Heute habe ich den Dremel mal auf Herz und Nieren getestet und ihn auf Hochtouren gebracht. 

Alles erstrahlt nun in neuem Glanze:











Schließlich ist auch der Bereich rund um das Tretlager bis in den letzten Winkel frei von Flugrost und frisch poliert.






Fazit: Wie entspannend doch diese stumpfen Arbeiten sind! 

Zum Aufbau: Ich denke momentan u.a. über rot eloxierte Naben von Novatec nach. Die vorhanden ARAYA VP-20 werde ich übernehmen. Bei der Speichenlänge muss ich mich nochmal einlesen. 

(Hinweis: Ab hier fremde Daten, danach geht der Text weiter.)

lemma integral_mult_le_reg_norm:
  assumes [measurable]: "f \<in> borel_measurable M"
    and "integrable M (\<lambda>x. \<bar>f x\<bar> powr p)" and "1 \<le> p" and "0 < measure M (space M)"
    and [measurable]: "A \<in> sets M" "g \<in> borel_measurable M"
    and g: "\<And>x. x \<in> space M \<Longrightarrow> \<bar>g x\<bar> \<le> indicator A x" and "0 < l"
  shows "(\<integral>x. f x * g x \<partial>M) \<le> reg_norm M p f * (l * measure M A + measure M (space M) / l powr (p - 1))"
proof -
  let ?m = "measure M (space M)" and ?N = "reg_norm M p f" and ?a = "\<lambda>x. regabs p (f x)"
  define c where "c = l * ?N"
  have N: "0 < ?N"
    using reg_norm_ge_inverse[of f p] assms by (smt (verit) divide_pos_pos)
  then have c: "0 < c" unfolding c_def using assms by simp
  have bound: "\<bar>f x * g x\<bar> \<le> c * indicator A x + ?a x powr p / c powr (p - 1)"
    if x: "x \<in> space M" for x
  proof (cases "x \<in> A")
    case True
    have "\<bar>f x\<bar> * \<bar>g x\<bar> \<le> ?a x * 1"
      using g[OF x] True abs_le_regabs[of "f x" p] by (intro mult_mono) auto
    also have "\<dots> \<le> c + ?a x powr p / c powr (p - 1)"
      using powr_le_add_powr_div[of "?a x" c 1 "p - 1"] regabs_pos[of p "f x"] assms c by simp
    finally show ?thesis using True c by (simp add: abs_mult)
  next
    case False
    then show ?thesis using g[OF x] c by simp
  qed
  have majorant_integrable: "integrable M (\<lambda>x. c * indicator A x + ?a x powr p / c powr (p - 1))"
    using assms by (intro Bochner_Integration.integrable_add integrable_mult_right integrable_divide
        integrable_regabs_powr) (auto simp: emeasure_finite less_top[symmetric])
  have "(\<integral>x. f x * g x \<partial>M) \<le> (\<integral>x. c * indicator A x + ?a x powr p / c powr (p - 1) \<partial>M)"
  proof (rule integral_mono[OF _ majorant_integrable])
    show "integrable M (\<lambda>x. f x * g x)"
      by (rule Bochner_Integration.integrable_bound[OF majorant_integrable])
        (use bound c in \<open>auto intro!: AE_I2 order_trans[OF _ abs_ge_self]\<close>)
    show "f x * g x \<le> c * indicator A x + ?a x powr p / c powr (p - 1)" if "x \<in> space M" for x
      using bound[OF that] by linarith
  qed
  also have "\<dots> = c * measure M A + ?m * ?N powr p / c powr (p - 1)"
    using assms integrable_regabs_powr[of f p] reg_norm_powr[of p f]
    by (simp add: emeasure_finite less_top[symmetric])
  also have "\<dots> = ?N * (l * measure M A + ?m / l powr (p - 1))"
    using N assms powr_eq_mult_powr_minus_one[of ?N p]
    by (simp add: c_def powr_mult field_simps)
  finally show ?thesis .
qed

Ach ja, einen 130 bis 150mm langen Vorbau mit Steigung und Gegenhalter/ Rolle könnte ich ebenfalls noch gebrauchen.

Tom


----------



## MTB-News.de




----------



## GT-Sassy (11. Juni 2011)

Ich gehe mal davon aus das Dein Backwoods höher anzusiedeln ist oder bzw.war.

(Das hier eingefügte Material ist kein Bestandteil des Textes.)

lemma scalar_linear_ode_exp:
  fixes y m M :: "real \<Rightarrow> real"
  assumes "convex I" and M: "\<And>s. s \<in> I \<Longrightarrow> (M has_real_derivative m s) (at s within I)"
    and y: "\<And>s. s \<in> I \<Longrightarrow> (y has_real_derivative m s * y s) (at s within I)"
    and "s0 \<in> I" "s \<in> I"
  shows "y s = exp (M s - M s0) * y s0"
proof -
  have "\<exists>c. \<forall>s\<in>I. exp (- M s) * y s = c"
  proof (rule has_derivative_zero_constant[OF \<open>convex I\<close>])
    fix s assume s: "s \<in> I"
    have "((\<lambda>s. exp (- M s) * y s) has_real_derivative 0) (at s within I)"
      by (rule derivative_eq_intros M y s refl | simp add: algebra_simps)+
    then show "((\<lambda>s. exp (- M s) * y s) has_derivative (\<lambda>h. 0)) (at s within I)"
      by (simp only: has_field_derivative_def lambda_zero)
  qed
  then obtain c where "\<forall>s\<in>I. exp (- M s) * y s = c" by blast
  then have "exp (- M s) * y s = exp (- M s0) * y s0" using assms(4,5) by simp
  then show ?thesis by (simp add: exp_diff exp_minus field_simps)
qed

section \<open>Existence for Lipschitz fields\<close>

(* The upper limit is clamped to [0, h], which makes the step a bounded continuous function on the
   whole line, so that the fixed point can be found in the Banach space real \<Rightarrow>\<^sub>C 'a. *)
definition picard_step :: "('a::banach \<Rightarrow> 'a) \<Rightarrow> 'a \<Rightarrow> real \<Rightarrow> (real \<Rightarrow>\<^sub>C 'a) \<Rightarrow> real \<Rightarrow> 'a"
  where "picard_step F x0 h f s = x0 + integral {0..max 0 (min h s)} (\<lambda>r. F (f r))"

lemma picard_step_bcontfun:
  assumes "L-lipschitz_on UNIV F" "0 \<le> h"
  shows "picard_step F x0 h f \<in> bcontfun"
proof -
  define c where "c s = max 0 (min h s)" for s :: real
  have c: "c s \<in> {0..h}" "s \<in> {0..h} \<Longrightarrow> c s = s" for s
    using assms(2) by (auto simp: c_def)
  have Ff: "continuous_on A (\<lambda>r. F (f r))" for A
    by (rule continuous_on_compose2[OF lipschitz_on_continuous_on[OF assms(1)]]) auto
  have "continuous_on {0..h} (\<lambda>u. integral {0..u} (\<lambda>r. F (f r)))"
    by (intro indefinite_integral_continuous_1 integrable_continuous_real Ff)
  then have "continuous_on UNIV (\<lambda>s. integral {0..c s} (\<lambda>r. F (f r)))"
    by (rule continuous_on_compose2) (use c in \<open>auto simp: c_def intro!: continuous_intros\<close>)
  then have cont: "continuous_on UNIV (picard_step F x0 h f)"
    unfolding picard_step_def c_def[symmetric] by (intro continuous_intros)
  have "range (picard_step F x0 h f) \<subseteq> picard_step F x0 h f ` {0..h}"
    using c by (auto simp: picard_step_def c_def[symmetric] intro!: image_eqI[where x="c _"])
  moreover have "compact (picard_step F x0 h f ` {0..h})"
    by (rule compact_continuous_image[OF continuous_on_subset[OF cont]]) auto
  ultimately show ?thesis
    unfolding bcontfun_def using cont bounded_subset compact_imp_bounded by blast
qed

lemma picard_step_contraction:
  assumes lip: "L-lipschitz_on UNIV F" and "0 \<le> h"
  shows "dist (picard_step F x0 h f s) (picard_step F x0 h g s) \<le> h * L * dist f g"
proof -
  define c where "c = max 0 (min h s)"
  have c: "0 \<le> c" "c \<le> h" using assms(2) by (auto simp: c_def)
  have cont: "continuous_on {0..c} (\<lambda>r. F (k r))" for k :: "real \<Rightarrow>\<^sub>C _"
    by (rule continuous_on_compose2[OF lipschitz_on_continuous_on[OF lip]]) auto
  have "dist (picard_step F x0 h f s) (picard_step F x0 h g s)
      = norm (integral {0..c} (\<lambda>r. F (f r) - F (g r)))"
    by (simp add: picard_step_def c_def[symmetric] dist_norm integral_diff
        integrable_continuous_real cont)
  also have "\<dots> \<le> (L * dist f g) * (c - 0)"
  proof (rule integral_bound)
    fix r
    have "norm (F (f r) - F (g r)) \<le> L * norm (f r - g r)"
      using lipschitz_on_normD[OF lip] by blast
    also have "\<dots> \<le> L * dist f g"
      using dist_bounded[of f r g] lipschitz_on_nonneg[OF lip]
      by (intro mult_left_mono) (auto simp: dist_norm)
    finally show "norm (F (f r) - F (g r)) \<le> L * dist f g" .
  qed (use c cont in \<open>auto intro!: continuous_intros\<close>)
  also have "\<dots> \<le> (L * dist f g) * h"
    using c lipschitz_on_nonneg[OF lip] by (intro mult_left_mono) auto
  finally show ?thesis by (simp add: ac_simps)
qed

Original war an meinen der gleiche SR Vorbau wie auf Deinen Bildern mit GT Flatbar verbaut. Bremsgiffe waren von DiaCompe, vorn eine DiaCompe 981 Cantilever und hinten DiaCompe AD990 U-Brake (wie bei Dir unter den Kettenstrebe, die Rahmen sind ja identisch).
Kurbeln sind Sakae SX, Schalthebel SR Daumies. Umwerfer und Schaltwerk Suntour alpha-5000. Naben SR E86 mit Araya 26x1.50 Felgen.
Bin ja mal gespannt was Dud a schönes zauberst.
Evtl. können wir dann ja auf den Treffen die Chromfahne hochhalten


----------



## Kint (11. Juni 2011)

_Schöne_ Naben. 
Sind mir im Bike Workshop die letzten Jahre immer wieder mal aufgefallen.
Allerdings hab ich grade mal gegoogelt, Hersteller ist "joy Industries" und "joytech" Naben kenne ich . 
Der übelste Taiwan Schrott der 90er, mieserabel gelagerter Taiwan Abklatsch von Shimanos Parallax, die Novatech _sehen_ aber deutlich besser aus. 

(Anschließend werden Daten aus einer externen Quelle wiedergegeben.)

lemma bij_betw_rep_pairs_triples:
  assumes "t < a" and n: "int n = int b * int t + int a * e"
  shows "bij_betw (\<lambda>(m, z). (nat (e + int g * int z - int b * int m), t + a * m - f * z, z))
    (rep_pairs t e) {(x, y, z). a * x + b * y + c * z = n}"
proof (rule bij_betw_imageI)
  show "inj_on (\<lambda>(m, z). (nat (e + int g * int z - int b * int m), t + a * m - f * z, z)) (rep_pairs t e)"
  proof (rule inj_onI)
    fix u v assume u: "u \<in> rep_pairs t e" and v: "v \<in> rep_pairs t e"
      and uv: "(\<lambda>(m, z). (nat (e + int g * int z - int b * int m), t + a * m - f * z, z)) u
        = (\<lambda>(m, z). (nat (e + int g * int z - int b * int m), t + a * m - f * z, z)) v"
    obtain m z m' z' where "u = (m, z)" and "v = (m', z')"
      by fastforce
    with u v uv have "z = z'" and "f * z \<le> t + a * m" and "f * z \<le> t + a * m'"
      and "t + a * m - f * z = t + a * m' - f * z"
      by (auto simp: rep_pairs_def)
    then have "a * m = a * m'"
      by linarith
    with a_pos \<open>u = (m, z)\<close> \<open>v = (m', z')\<close> \<open>z = z'\<close> show "u = v"
      by simp
  qed
  have c: "int c = int f * int b - int g * int a"
    using third_generator by (metis add_diff_cancel_right' of_nat_add of_nat_mult)
  show "(\<lambda>(m, z). (nat (e + int g * int z - int b * int m), t + a * m - f * z, z)) ` rep_pairs t e
      = {(x, y, z). a * x + b * y + c * z = n}"
  proof (intro equalityI subsetI)
    fix v assume "v \<in> (\<lambda>(m, z). (nat (e + int g * int z - int b * int m), t + a * m - f * z, z)) ` rep_pairs t e"
    then obtain m z where v: "v = (nat (e + int g * int z - int b * int m), t + a * m - f * z, z)"
      and fz: "f * z \<le> t + a * m" and bm: "int b * int m \<le> e + int g * int z"
      by (auto simp: rep_pairs_def)
    have "int (t + a * m - f * z) = int t + int a * int m - int f * int z"
      using fz by (simp add: of_nat_diff)
    moreover have "int (nat (e + int g * int z - int b * int m)) = e + int g * int z - int b * int m"
      using bm by simp
    ultimately have "int (a * nat (e + int g * int z - int b * int m) + b * (t + a * m - f * z) + c * z)
        = int b * int t + int a * e"
      unfolding of_nat_add of_nat_mult using c by algebra
    then have "a * nat (e + int g * int z - int b * int m) + b * (t + a * m - f * z) + c * z = n"
      using n by (metis of_nat_eq_iff)
    then show "v \<in> {(x, y, z). a * x + b * y + c * z = n}"
      using v by simp
  next
    fix v assume "v \<in> {(x, y, z). a * x + b * y + c * z = n}"
    then obtain x y z where v: "v = (x, y, z)" and "a * x + b * y + c * z = n"
      by auto
    then obtain m where "(m, z) \<in> rep_pairs t e" and "y = t + a * m - f * z"
      and "x = nat (e + int g * int z - int b * int m)"
      using rep_triple_lift[OF \<open>t < a\<close> n] by blast
    with v show "v \<in> (\<lambda>(m, z). (nat (e + int g * int z - int b * int m), t + a * m - f * z, z)) ` rep_pairs t e"
      by (intro image_eqI[where x = "(m, z)"]) simp_all
  qed
qed

lemma
  assumes "t < a" and "int n = int b * int t + int a * e"
  shows num_reps_eq_card_rep_pairs: "num_reps n [a, b, c] = card (rep_pairs t e)"
    and finite_rep_pairs: "finite (rep_pairs t e)"
  using bij_betw_same_card[OF bij_betw_rep_pairs_triples[OF assms]]
    bij_betw_finite[OF bij_betw_rep_pairs_triples[OF assms]]
    finite_rep_triples[OF a_pos _ c_pos] twice_a_le_b a_pos
  by (simp_all add: num_reps_three)

lemma threshold_plus_div_nonneg:
  assumes "t < a"
  shows "0 \<le> threshold t + int (b * t div a)"
proof (cases "p * f \<le> t")
  case True
  have "g * (t div f) \<le> f * (t div f)"
    using twice_g_le_f by simp
  also have "\<dots> \<le> t"
    by (rule times_div_less_eq_dividend)
  also have "t \<le> b * t div a"
    using twice_a_le_b a_pos by (simp add: less_eq_div_iff_mult_less_eq mult.commute)
  finally have "int g * int (t div f) \<le> int (b * t div a)"
    by (metis of_nat_le_iff of_nat_mult)
  moreover have "threshold t = int g * int p - int g * int (t div f)"
    using True by (simp add: threshold_def right_diff_distrib)
  moreover have "0 \<le> int g * int p"
    by simp
  ultimately show ?thesis
    by linarith
next
  case False
  then have "t div f < p"
    using f_pos by (simp add: div_less_iff_less_mult)
  then have "int g * (int ((t + a) div f) - int p + int (t div f) + 1) \<le> int g * int ((t + a) div f)"
    by (intro mult_left_mono) auto
  moreover have "int g * int ((t + a) div f) < int b"
    using g_mult_div_lt_b[OF assms] by (metis of_nat_less_iff of_nat_mult)
  ultimately show ?thesis
    using False by (simp add: threshold_def)
qed

lemma num_reps_le_iff:
  assumes "t < a" and "int n = int b * int t + int a * e"
  shows "num_reps n [a, b, c] \<le> p \<longleftrightarrow> e < threshold t"
  using card_rep_pairs_le_iff[OF assms(1) finite_rep_pairs[OF assms]]
  by (simp add: num_reps_eq_card_rep_pairs[OF assms])

lemma bij_betw_residue_pairs_sylvester_set:
  "bij_betw (\<lambda>(t, e). nat (int b * int t + int a * e))
    (SIGMA t:{..<a}. {- int (b * t div a)..<threshold t}) {n. num_reps n [a, b, c] \<le> p}"
proof (rule bij_betw_imageI)
  have lower: "- int (b * t div a) \<le> e \<longleftrightarrow> 0 \<le> int b * int t + int a * e" for t e
    using minus_div_le_iff[OF a_pos, of "b * t" e] by simp
  show "inj_on (\<lambda>(t, e). nat (int b * int t + int a * e)) (SIGMA t:{..<a}. {- int (b * t div a)..<threshold t})"
  proof (rule inj_onI)
    fix u v assume "u \<in> (SIGMA t:{..<a}. {- int (b * t div a)..<threshold t})"
      and "v \<in> (SIGMA t:{..<a}. {- int (b * t div a)..<threshold t})"
      and uv: "(\<lambda>(t, e). nat (int b * int t + int a * e)) u = (\<lambda>(t, e). nat (int b * int t + int a * e)) v"
    then obtain t e t' e' where u: "u = (t, e)" and v: "v = (t', e')" and "t < a" "t' < a"
      and "0 \<le> int b * int t + int a * e" "0 \<le> int b * int t' + int a * e'"
      by (auto simp: lower)
    with uv have "int b * int t + int a * e = int b * int t' + int a * e'"
      by simp
    with u v show "u = v"
      using residue_decomposition_unique[OF coprime_b_a \<open>t < a\<close> \<open>t' < a\<close>] by simp
  qed
  show "(\<lambda>(t, e). nat (int b * int t + int a * e)) ` (SIGMA t:{..<a}. {- int (b * t div a)..<threshold t})
      = {n. num_reps n [a, b, c] \<le> p}"
  proof (intro equalityI subsetI)
    fix n assume "n \<in> (\<lambda>(t, e). nat (int b * int t + int a * e)) ` (SIGMA t:{..<a}. {- int (b * t div a)..<threshold t})"
    then obtain t e where "t < a" "e < threshold t" and "int n = int b * int t + int a * e"
      by (auto simp: lower)
    then show "n \<in> {n. num_reps n [a, b, c] \<le> p}"
      by (simp add: num_reps_le_iff)
  next
    fix n assume "n \<in> {n. num_reps n [a, b, c] \<le> p}"
    moreover obtain t e where "t < a" and ne: "int n = int b * int t + int a * e"
      using residue_decomposition[OF coprime_b_a a_pos] by blast
    ultimately have "e < threshold t"
      by (simp add: num_reps_le_iff)
    with \<open>t < a\<close> ne show "n \<in> (\<lambda>(t, e). nat (int b * int t + int a * e)) ` (SIGMA t:{..<a}. {- int (b * t div a)..<threshold t})"
      by (intro image_eqI[where x = "(t, e)"]) (auto simp: lower)
  qed
qed

lemma card_sylvester_set:
  "card {n. num_reps n [a, b, c] \<le> p} = (\<Sum>t<a. nat (threshold t + int (b * t div a)))"
  using bij_betw_same_card[OF bij_betw_residue_pairs_sylvester_set] by (simp add: card_SigmaI)

lemma p_times_f_le_a: "p * f \<le> a"
  using p_le div_times_less_eq_dividend[of "a - 1" f] mult_le_mono1[of p "(a - 1) div f" f] by linarith

lemma threshold_eq:
  "threshold t = int g * (int p - int (t div f))
     - (if t < p * f then int g * int ((t + a) div f) + int g - int b else 0)"
  by (simp add: threshold_def algebra_simps)

lemma sum_threshold:
  "(\<Sum>t<a. threshold t) = int g * int p * int a - int g * (\<Sum>t<a + p * f. int (t div f))
     + int (p * f) * (int b - int g)"
proof -
  define h where "h t = int g * int ((t + a) div f) + int g - int b" for t
  have "(\<Sum>t<a. threshold t)
      = int g * int p * int a - int g * (\<Sum>t<a. int (t div f)) - (\<Sum>t<a. if t < p * f then h t else 0)"
    unfolding threshold_eq h_def by (simp add: sum_subtractf sum_distrib_left right_diff_distrib)
  moreover have "(\<Sum>t<a. if t < p * f then h t else 0) = (\<Sum>t<p * f. h t)"
    using p_times_f_le_a by (intro sum.mono_neutral_cong_right) auto
  moreover have "(\<Sum>t<p * f. h t) = int g * (\<Sum>t<p * f. int ((t + a) div f)) + int (p * f) * (int g - int b)"
    unfolding h_def sum_subtractf sum.distrib by (simp add: sum_distrib_left algebra_simps)
  moreover have "(\<Sum>t<a + p * f. int (t div f)) = (\<Sum>t<a. int (t div f)) + (\<Sum>t<p * f. int ((t + a) div f))"
  proof -
    have "(\<Sum>t<a + p * f. int (t div f)) = (\<Sum>t\<in>{0..<a}. int (t div f)) + (\<Sum>t\<in>{0 + a..<p * f + a}. int (t div f))"
      by (simp add: sum.atLeastLessThan_concat lessThan_atLeast0 add.commute)
    then show ?thesis
      by (simp only: sum.shift_bounds_nat_ivl lessThan_atLeast0)
  qed
  ultimately show ?thesis
    by (simp add: algebra_simps)
qed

Da mir Naben, von Laufrädern ganz zu schweigen, gänzlich fehlen hatte ich damals an GTs BMX Naben gedacht, mich aber nicht näher in darin vertieft. 

Backwoods war über dem Timberline angesiedelt. Dann gabs noch nen Cruiser. Die drei waren der Beginn der >24" Räder bei GT. 
Steht so ansatzweise auch in dem gezeigten Test drin 

"Gt uses the smooth shifting XC SPort group on their lesser priced Timerbline model, we'ld like to see thm adopt them on the backwoods as well"
Was Du tunen kannst sagt man Dir also auch schon 

Bei meinem Rahmen haben die Kettenstreben die Form wie im Test, auf den Bildern zu sehen, nicht ala Monostay geformt wie man das von den Timberlines kennt.  
Timberline kenne ich mit Doppelhorn Vorbau, Backwoods mit dem einfachen. Der war bei mir auch dabei.


----------



## GT-Sassy (11. Juni 2011)

Da muß ich Dich aber entäuschen, mein 86´Timberline hatte original einen einfachen SR Vorbau.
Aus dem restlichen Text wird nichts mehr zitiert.